Stored data
________________

lemma AE_stopped_value_sums_increments:
  assumes "AE \<omega> in M. \<kappa> \<omega> \<noteq> \<infinity>"
  shows "AE \<omega> in M.
           (\<lambda>n. indicator {\<omega> \<in> space M. enat n < \<kappa> \<omega>} \<omega> * (X (Suc n) \<omega> - X n \<omega>))
             sums (stopped_value X \<kappa> \<omega> - X 0 \<omega>) \<and>
           summable (\<lambda>n. \<bar>indicator {\<omega> \<in> space M. enat n < \<kappa> \<omega>} \<omega> * (X (Suc n) \<omega> - X n \<omega>)\<bar>)"
  using assms AE_space
proof eventually_elim
  case (elim \<omega>)
  then obtain k where k: "\<kappa> \<omega> = enat k"
    by auto
  define D where "D n = indicator {\<omega> \<in> space M. enat n < \<kappa> \<omega>} \<omega> * (X (Suc n) \<omega> - X n \<omega>)" for n
  have vanish: "D n = 0" if "n \<notin> {..<k}" for n
    using that k by (simp add: D_def)
  then have "D sums (\<Sum>n<k. D n)"
    by (intro sums_finite) auto
  also have "(\<Sum>n<k. D n) = (\<Sum>n<k. X (Suc n) \<omega> - X n \<omega>)"
    using elim(2) k by (intro sum.cong) (auto simp: D_def)
  also have "\<dots> = stopped_value X \<kappa> \<omega> - X 0 \<omega>"
    using k by (simp add: sum_lessThan_telescope[of "\<lambda>n. X n \<omega>"] stopped_value_def)
  finally have "D sums (stopped_value X \<kappa> \<omega> - X 0 \<omega>)" .
  moreover have "summable (\<lambda>n. \<bar>D n\<bar>)"
    using vanish by (intro summable_finite[of "{..<k}"]) auto
  ultimately show ?case
    unfolding D_def[abs_def] by simp
qed

lemma supermartingale_integral_indicator_increment_nonpos:
  assumes "finite_measure M" "subalgebra M (F i)" "supermartingale M F X" "A \<in> sets (F i)"
  shows "(\<integral>\<omega>. indicator A \<omega> * (X (Suc i) \<omega> - X i \<omega>) \<partial>M) \<le> 0"
proof -
  interpret finite_measure M by fact
  interpret finite_measure_subalgebra M "F i"
    by unfold_locales (rule assms(2))
  have X_int: "integrable M (X n)" for n
    using assms(3) by (rule supermartingale_integrable)
  have A_meas [measurable]: "indicator A \<in> borel_measurable (F i)"
    using assms(4) by simp
  have A_sets: "A \<in> sets M"
    using assms(2,4) by (auto simp: subalgebra_def)
  have int_A: "integrable M (\<lambda>\<omega>. indicator A \<omega> * X n \<omega>)" for n
    using integrable_mult_indicator[OF A_sets X_int] by simp
  have "(\<integral>\<omega>. indicator A \<omega> * X (Suc i) \<omega> \<partial>M)
          = (\<integral>\<omega>. indicator A \<omega> * real_cond_exp M (F i) (X (Suc i)) \<omega> \<partial>M)"
    using real_cond_exp_intg(2)[OF int_A A_meas] X_int by simp
  also have "\<dots> \<le> (\<integral>\<omega>. indicator A \<omega> * X i \<omega> \<partial>M)"
  proof (rule integral_mono_AE)
    show "integrable M (\<lambda>\<omega>. indicator A \<omega> * real_cond_exp M (F i) (X (Suc i)) \<omega>)"
      using real_cond_exp_intg(1)[OF int_A A_meas] X_int by simp
    show "AE \<omega> in M. indicator A \<omega> * real_cond_exp M (F i) (X (Suc i)) \<omega> \<le> indicator A \<omega> * X i \<omega>"
    proof -
      have "AE \<omega> in M. real_cond_exp M (F i) (X (Suc i)) \<omega> \<le> X i \<omega>"
        using assms(3) by (simp add: supermartingale_def)
      then show ?thesis
        by eventually_elim (simp add: mult_left_mono)
    qed
  qed (rule int_A)
  finally show ?thesis
    using int_A by (simp add: right_diff_distrib)
qed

________________

Could you set down, exactly as written, the lines above between the one holding "using assms(4) by simp" and the one holding "(\<integral>\<omega>. indicator A \<omega> * real_cond_exp", inclusive, and nothing more?

▶ **EXERCISE RESPONSE**
    using assms(4) by simp
  have A_sets: "A \<in> sets M"
    using assms(2,4) by (auto simp: subalgebra_def)
  have int_A: "integrable M (\<lambda>\<omega>. indicator A \<omega> * X n \<omega>)" for n
    using integrable_mult_indicator[OF A_sets X_int] by simp
  have "(\<integral>\<omega>. indicator A \<omega> * X (Suc i) \<omega> \<partial>M)
          = (\<integral>\<omega>. indicator A \<omega> * real_cond_exp M (F i) (X (Suc i)) \<omega> \<partial>M)"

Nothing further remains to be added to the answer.